Conus kiicumulus

Scientific classification
- Kingdom: Animalia
- Phylum: Mollusca
- Class: Gastropoda
- Subclass: Caenogastropoda
- Order: Neogastropoda
- Superfamily: Conoidea
- Family: Conidae
- Genus: Conus
- Species: C. kiicumulus
- Binomial name: Conus kiicumulus (Azuma, 1982)
- Synonyms: Asprella kiicumulus (Azuma, 1982); Conus nebulosus Azuma, M., 1973 (renamed); Conus (Phasmoconus) kiicumulus (Azuma, 1982) · accepted, alternate representation; Graphiconus kiicumulus (Azuma, 1982); Phasmoconus kiicumulus (Azuma, 1982); Rhizoconus kiicumulus Azuma, 1982 (original combination); Rhizoconus nebulosus Azuma, 1973 (Invalid: junior secondary homonym of Conus nebulosus Gmelin, 1791, and several others; Rhizoconus kiicumulus Azuma, 1982 is a replacement name);

= Conus kiicumulus =

- Authority: (Azuma, 1982)
- Synonyms: Asprella kiicumulus (Azuma, 1982), Conus nebulosus Azuma, M., 1973 (renamed), Conus (Phasmoconus) kiicumulus (Azuma, 1982) · accepted, alternate representation, Graphiconus kiicumulus (Azuma, 1982), Phasmoconus kiicumulus (Azuma, 1982), Rhizoconus kiicumulus Azuma, 1982 (original combination), Rhizoconus nebulosus Azuma, 1973 (Invalid: junior secondary homonym of Conus nebulosus Gmelin, 1791, and several others; Rhizoconus kiicumulus Azuma, 1982 is a replacement name)

Species of sea snail

Conus kiicumulus is a species of sea snail, a marine gastropod mollusk in the family Conidae, the cone snails and their allies.
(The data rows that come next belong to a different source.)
(* Let $\mathcal F=(F,\rightarrowtail)$ be a finite argumentation framework. If $A\subseteq F$ is weakly admissible, then $A$ is contained in some weakly complete extension of $\mathcal F$.
   Context: An argumentation framework $\mathcal F=(F,\rightarrowtail)$ consists of a finite set $F$ of arguments and an attack relation $\rightarrowtail\subseteq F\times F$. An argument $y$ attacks a set $A$ if $y\rightarrowtail a$ for some $a\in A$; $A^+=\{x\in F:\exists a\in A,\ a\rightarrowtail x\}$. A set is conflict-free if none of its elements attacks one of its elements. For $A\subseteq F$, the $A$-reduct $\mathcal F^A$ is the restriction of $\mathcal F$ to $F\setminus(A\cup A^+)$. Weak admissibility (defined recursively on the size of the framework): $A\subseteq F$ is weakly admissible in $\mathcal F$ if $A$ is conflict-free and for every $y\in F$ attacking $A$, $y$ belongs to no weakly admissible set of $\mathcal F^A$. A weakly complete labeling is a map $L:F\to\{\mathtt{in},\mathtt{out},\mathtt{undec}\}$ such that for every $a\in F$: if $L(a)=\mathtt{in}$ then no attacker of $a$ is labeled $\mathtt{in}$; if $L(a)=\mathtt{out}$ then some attacker of $a$ is labeled $\mathtt{in}$; if $L(a)=\mathtt{undec}$ then some attacker of $a$ is labeled $\mathtt{undec}$ and no attacker of $a$ is labeled $\mathtt{in}$. A set is a weakly complete extension if it equals $\{a:L(a)=\mathtt{in}\}$ for some weakly complete labeling $L$. *)

theory Defs
  imports Main
begin

text \<open>An argumentation framework is given by a carrier set F of arguments and an
attack relation att (a binary predicate); only attacks between elements of F matter.\<close>

definition conflict_free :: "('a \<Rightarrow> 'a \<Rightarrow> bool) \<Rightarrow> 'a set \<Rightarrow> bool" where
  "conflict_free att A \<longleftrightarrow> (\<forall>a\<in>A. \<forall>b\<in>A. \<not> att a b)"

definition attacks_set :: "('a \<Rightarrow> 'a \<Rightarrow> bool) \<Rightarrow> 'a \<Rightarrow> 'a set \<Rightarrow> bool" where
  "attacks_set att y A \<longleftrightarrow> (\<exists>a\<in>A. att y a)"

definition plus_set :: "'a set \<Rightarrow> ('a \<Rightarrow> 'a \<Rightarrow> bool) \<Rightarrow> 'a set \<Rightarrow> 'a set" where
  "plus_set F att A = {x \<in> F. \<exists>a\<in>A. att a x}"

text \<open>Carrier of the A-reduct; the attack relation of the reduct is the restriction of att,
which (since all quantifications range over the carrier) is represented by att itself.\<close>
definition reduct :: "'a set \<Rightarrow> ('a \<Rightarrow> 'a \<Rightarrow> bool) \<Rightarrow> 'a set \<Rightarrow> 'a set" where
  "reduct F att A = F - (A \<union> plus_set F att A)"

function weakly_admissible :: "'a set \<Rightarrow> ('a \<Rightarrow> 'a \<Rightarrow> bool) \<Rightarrow> 'a set \<Rightarrow> bool" where
  "weakly_admissible F att A =
     (if finite F \<and> A \<subseteq> F \<and> conflict_free att A then
        (\<forall>y\<in>F. attacks_set att y A \<longrightarrow>
           \<not> (\<exists>B. weakly_admissible (reduct F att A) att B \<and> y \<in> B))
      else False)"
  by pat_completeness auto

lemma reduct_psubset:
  assumes "A \<subseteq> F" "A \<noteq> {}"
  shows "reduct F att A \<subset> F"
  using assms unfolding reduct_def by blast

termination
  by (relation "measure (\<lambda>(F, att, A). card F)")
     (auto intro!: psubset_card_mono reduct_psubset simp: attacks_set_def)

datatype label = In | Out | Undec

definition weakly_complete_labeling ::
  "'a set \<Rightarrow> ('a \<Rightarrow> 'a \<Rightarrow> bool) \<Rightarrow> ('a \<Rightarrow> label) \<Rightarrow> bool" where
  "weakly_complete_labeling F att L \<longleftrightarrow>
     (\<forall>a\<in>F.
        (L a = In \<longrightarrow> (\<forall>b\<in>F. att b a \<longrightarrow> L b \<noteq> In)) \<and>
        (L a = Out \<longrightarrow> (\<exists>b\<in>F. att b a \<and> L b = In)) \<and>
        (L a = Undec \<longrightarrow> (\<exists>b\<in>F. att b a \<and> L b = Undec) \<and> (\<forall>b\<in>F. att b a \<longrightarrow> L b \<noteq> In)))"

definition weakly_complete_extension :: "'a set \<Rightarrow> ('a \<Rightarrow> 'a \<Rightarrow> bool) \<Rightarrow> 'a set \<Rightarrow> bool" where
  "weakly_complete_extension F att E \<longleftrightarrow>
     (\<exists>L. weakly_complete_labeling F att L \<and> E = {a \<in> F. L a = In})"

end

theory Submission
  imports Defs
begin

text \<open>Label A in, the arguments attacked by A out, and the A-reduct by a weakly complete
labeling of the reduct. This is weakly complete provided no argument labeled in by the reduct
labeling attacks A, which holds if every such argument lies in a weakly admissible set of the
reduct, since A is weakly admissible. Labelings of this kind exist in every finite framework, by
induction on its size: if some argument u is unattacked, extend a labeling of the {u}-reduct in
the same way (u together with a weakly admissible set of the reduct is weakly admissible);
otherwise every argument has an attacker and labeling everything undec is weakly complete.\<close>

declare weakly_admissible.simps[simp del]

lemma weakly_admissible_iff:
  assumes "finite F"
  shows "weakly_admissible F att A \<longleftrightarrow>
    A \<subseteq> F \<and> conflict_free att A \<and>
    (\<forall>y\<in>F. attacks_set att y A \<longrightarrow> (\<forall>B. weakly_admissible (reduct F att A) att B \<longrightarrow> y \<notin> B))"
  using assms weakly_admissible.simps[of F att A] by auto

lemma weakly_admissibleD:
  assumes "weakly_admissible F att A"
  shows "finite F" "A \<subseteq> F" "conflict_free att A"
  using assms weakly_admissible.simps[of F att A] by (auto split: if_splits)

lemma weakly_admissible_attacker_notin:
  assumes "weakly_admissible F att A" "y \<in> F" "attacks_set att y A"
    and "weakly_admissible (reduct F att A) att B"
  shows "y \<notin> B"
  using assms weakly_admissible_iff[OF weakly_admissibleD(1)[OF assms(1)]] by blast

lemma weakly_admissible_empty: "finite F \<Longrightarrow> weakly_admissible F att {}"
  by (simp add: weakly_admissible_iff conflict_free_def attacks_set_def)

lemma reduct_subset: "reduct F att A \<subseteq> F"
  unfolding reduct_def by blast

lemma reduct_reduct: "reduct (reduct F att A) att B = reduct F att (A \<union> B)"
  unfolding reduct_def plus_set_def by auto

lemma weakly_admissible_insert_unattacked:
  assumes "finite F" "u \<in> F" "\<forall>b\<in>F. \<not> att b u"
    and B: "weakly_admissible (reduct F att {u}) att B"
  shows "weakly_admissible F att (insert u B)"
proof -
  have "B \<subseteq> reduct F att {u}" and "conflict_free att B"
    using weakly_admissibleD[OF B] by auto
  then have "insert u B \<subseteq> F" "conflict_free att (insert u B)"
    using assms(2,3) reduct_subset[of F att "{u}"]
    by (auto simp: conflict_free_def reduct_def plus_set_def)
  moreover have "y \<notin> C"
    if "y \<in> F" "attacks_set att y (insert u B)"
      and C: "weakly_admissible (reduct F att (insert u B)) att C" for y C
  proof
    assume "y \<in> C"
    have C': "weakly_admissible (reduct (reduct F att {u}) att B) att C"
      using C by (simp add: reduct_reduct)
    with \<open>y \<in> C\<close> have "y \<in> reduct F att {u}"
      using weakly_admissibleD(2)[OF C'] reduct_subset[of "reduct F att {u}" att B] by blast
    moreover have "attacks_set att y B"
      using that(1,2) assms(3) by (auto simp: attacks_set_def)
    ultimately show False
      using weakly_admissible_attacker_notin[OF B _ _ C'] \<open>y \<in> C\<close> by blast
  qed
  ultimately show ?thesis
    using assms(1) by (simp add: weakly_admissible_iff)
qed

definition extend_labeling ::
  "'a set \<Rightarrow> ('a \<Rightarrow> 'a \<Rightarrow> bool) \<Rightarrow> 'a set \<Rightarrow> ('a \<Rightarrow> label) \<Rightarrow> 'a \<Rightarrow> label" where
  "extend_labeling F att A L x =
     (if x \<in> A then In else if x \<in> plus_set F att A then Out else L x)"

lemma weakly_complete_labeling_extend:
  assumes "A \<subseteq> F" "conflict_free att A"
    and L: "weakly_complete_labeling (reduct F att A) att L"
    and In_not_attacking: "\<forall>b\<in>reduct F att A. L b = In \<longrightarrow> \<not> attacks_set att b A"
  shows "weakly_complete_labeling F att (extend_labeling F att A L)"
proof -
  let ?R = "reduct F att A" and ?L = "extend_labeling F att A L"
  have L_reduct: "?L b = L b" if "b \<in> ?R" for b
    using that by (simp add: extend_labeling_def reduct_def)
  have reduct_attacker: "b \<in> ?R"
    if "a \<in> ?R" "b \<in> F" "att b a" "?L b \<noteq> Out" for a b
    using that by (auto simp: extend_labeling_def reduct_def plus_set_def split: if_splits)
  have A_unattacked_by_In: "?L b \<noteq> In" if "a \<in> A" "b \<in> F" "att b a" for a b
  proof
    assume "?L b = In"
    have "b \<notin> A" using that assms(2) by (auto simp: conflict_free_def)
    with \<open>?L b = In\<close> have "b \<in> ?R"
      using that(2) by (auto simp: extend_labeling_def reduct_def split: if_splits)
    then show False
      using In_not_attacking \<open>?L b = In\<close> L_reduct that by (auto simp: attacks_set_def)
  qed
  show ?thesis
    unfolding weakly_complete_labeling_def
  proof
    fix a assume "a \<in> F"
    then consider "a \<in> A" | "a \<notin> A" "a \<in> plus_set F att A" | "a \<in> ?R"
      by (auto simp: reduct_def)
    then show "(?L a = In \<longrightarrow> (\<forall>b\<in>F. att b a \<longrightarrow> ?L b \<noteq> In)) \<and>
        (?L a = Out \<longrightarrow> (\<exists>b\<in>F. att b a \<and> ?L b = In)) \<and>
        (?L a = Undec \<longrightarrow> (\<exists>b\<in>F. att b a \<and> ?L b = Undec) \<and> (\<forall>b\<in>F. att b a \<longrightarrow> ?L b \<noteq> In))"
    proof cases
      case 1
      then show ?thesis using A_unattacked_by_In by (simp add: extend_labeling_def)
    next
      case 2
      then show ?thesis
        using assms(1) by (auto simp: extend_labeling_def plus_set_def)
    next
      case 3
      have L_at_a: "(L a = In \<longrightarrow> (\<forall>b\<in>?R. att b a \<longrightarrow> L b \<noteq> In)) \<and>
          (L a = Out \<longrightarrow> (\<exists>b\<in>?R. att b a \<and> L b = In)) \<and>
          (L a = Undec \<longrightarrow> (\<exists>b\<in>?R. att b a \<and> L b = Undec) \<and> (\<forall>b\<in>?R. att b a \<longrightarrow> L b \<noteq> In))"
        using L 3 unfolding weakly_complete_labeling_def by blast
      have no_In_attacker: "\<forall>b\<in>F. att b a \<longrightarrow> ?L b \<noteq> In" if "L a \<noteq> Out"
      proof (intro ballI impI notI)
        fix b assume "b \<in> F" "att b a" "?L b = In"
        then have "b \<in> ?R"
          using reduct_attacker[OF 3] by simp
        with \<open>?L b = In\<close> have "L b = In"
          using L_reduct by simp
        with \<open>b \<in> ?R\<close> \<open>att b a\<close> show False
          using L_at_a that by (cases "L a") auto
      qed
      have attacker_from_reduct: "\<exists>b\<in>F. att b a \<and> ?L b = l"
        if "\<exists>b\<in>?R. att b a \<and> L b = l" for l
        using that L_reduct reduct_subset[of F att A] by fastforce
      have "?L a = L a" using L_reduct 3 .
      then show ?thesis
        using L_at_a no_In_attacker attacker_from_reduct[of In] attacker_from_reduct[of Undec]
        by (cases "L a") auto
    qed
  qed
qed

lemma ex_weakly_complete_labeling_In_weakly_admissible:
  assumes "finite F"
  shows "\<exists>L. weakly_complete_labeling F att L \<and>
    (\<forall>b\<in>F. L b = In \<longrightarrow> (\<exists>B. weakly_admissible F att B \<and> b \<in> B))"
  using assms
proof (induction "card F" arbitrary: F rule: less_induct)
  case less
  show ?case
  proof (cases "\<exists>u\<in>F. \<forall>b\<in>F. \<not> att b u")
    case False
    then have "weakly_complete_labeling F att (\<lambda>_. Undec)"
      by (auto simp: weakly_complete_labeling_def)
    then show ?thesis by auto
  next
    case True
    then obtain u where u: "u \<in> F" "\<forall>b\<in>F. \<not> att b u" by blast
    let ?R = "reduct F att {u}"
    have "finite ?R" "card ?R < card F"
      using less.prems u reduct_psubset[of "{u}" F att]
      by (auto intro: psubset_card_mono finite_subset[OF reduct_subset])
    then obtain L where L: "weakly_complete_labeling ?R att L"
      and L_In: "\<forall>b\<in>?R. L b = In \<longrightarrow> (\<exists>B. weakly_admissible ?R att B \<and> b \<in> B)"
      using less.hyps by blast
    have "weakly_complete_labeling F att (extend_labeling F att {u} L)"
      using weakly_complete_labeling_extend[OF _ _ L] u reduct_subset[of F att "{u}"]
      by (auto simp: conflict_free_def attacks_set_def)
    moreover have "\<exists>B. weakly_admissible F att B \<and> b \<in> B"
      if "b \<in> F" "extend_labeling F att {u} L b = In" for b
    proof -
      from that have "b = u \<or> (b \<in> ?R \<and> L b = In)"
        by (auto simp: extend_labeling_def reduct_def split: if_splits)
      then obtain B where "weakly_admissible ?R att B" "b \<in> insert u B"
        using L_In weakly_admissible_empty[OF \<open>finite ?R\<close>] by blast
      then show ?thesis
        using weakly_admissible_insert_unattacked[of F u att, OF less.prems u] by blast
    qed
    ultimately show ?thesis by blast
  qed
qed

theorem mainTheorem16:
  fixes F :: "'a set" and att :: "'a \<Rightarrow> 'a \<Rightarrow> bool" and A :: "'a set"
  assumes "finite F"
    and "weakly_admissible F att A"
  shows "\<exists>E. weakly_complete_extension F att E \<and> A \<subseteq> E"
proof -
  let ?R = "reduct F att A"
  have "A \<subseteq> F" "conflict_free att A"
    using weakly_admissibleD[OF assms(2)] by auto
  obtain L where L: "weakly_complete_labeling ?R att L"
    and L_In: "\<forall>b\<in>?R. L b = In \<longrightarrow> (\<exists>B. weakly_admissible ?R att B \<and> b \<in> B)"
    using ex_weakly_complete_labeling_In_weakly_admissible[OF finite_subset[OF reduct_subset assms(1)]]
    by blast
  have "\<forall>b\<in>?R. L b = In \<longrightarrow> \<not> attacks_set att b A"
    using L_In weakly_admissible_attacker_notin[OF assms(2)] reduct_subset[of F att A] by blast
  then have "weakly_complete_labeling F att (extend_labeling F att A L)"
    using weakly_complete_labeling_extend[OF \<open>A \<subseteq> F\<close> \<open>conflict_free att A\<close> L] by blast
  moreover have "A \<subseteq> {a \<in> F. extend_labeling F att A L a = In}"
    using \<open>A \<subseteq> F\<close> by (auto simp: extend_labeling_def)
  ultimately show ?thesis
    unfolding weakly_complete_extension_def by blast
qed

end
Like all species within the genus Conus, these snails are predatory and venomous. They are capable of stinging humans, therefore live ones should be handled carefully or not at all.

==Description==

The size of the shell varies between 30 mm and 41 mm.
==Distribution==
This species occurs in the Pacific Ocean off Southern Japan and the Ryukyu Islands.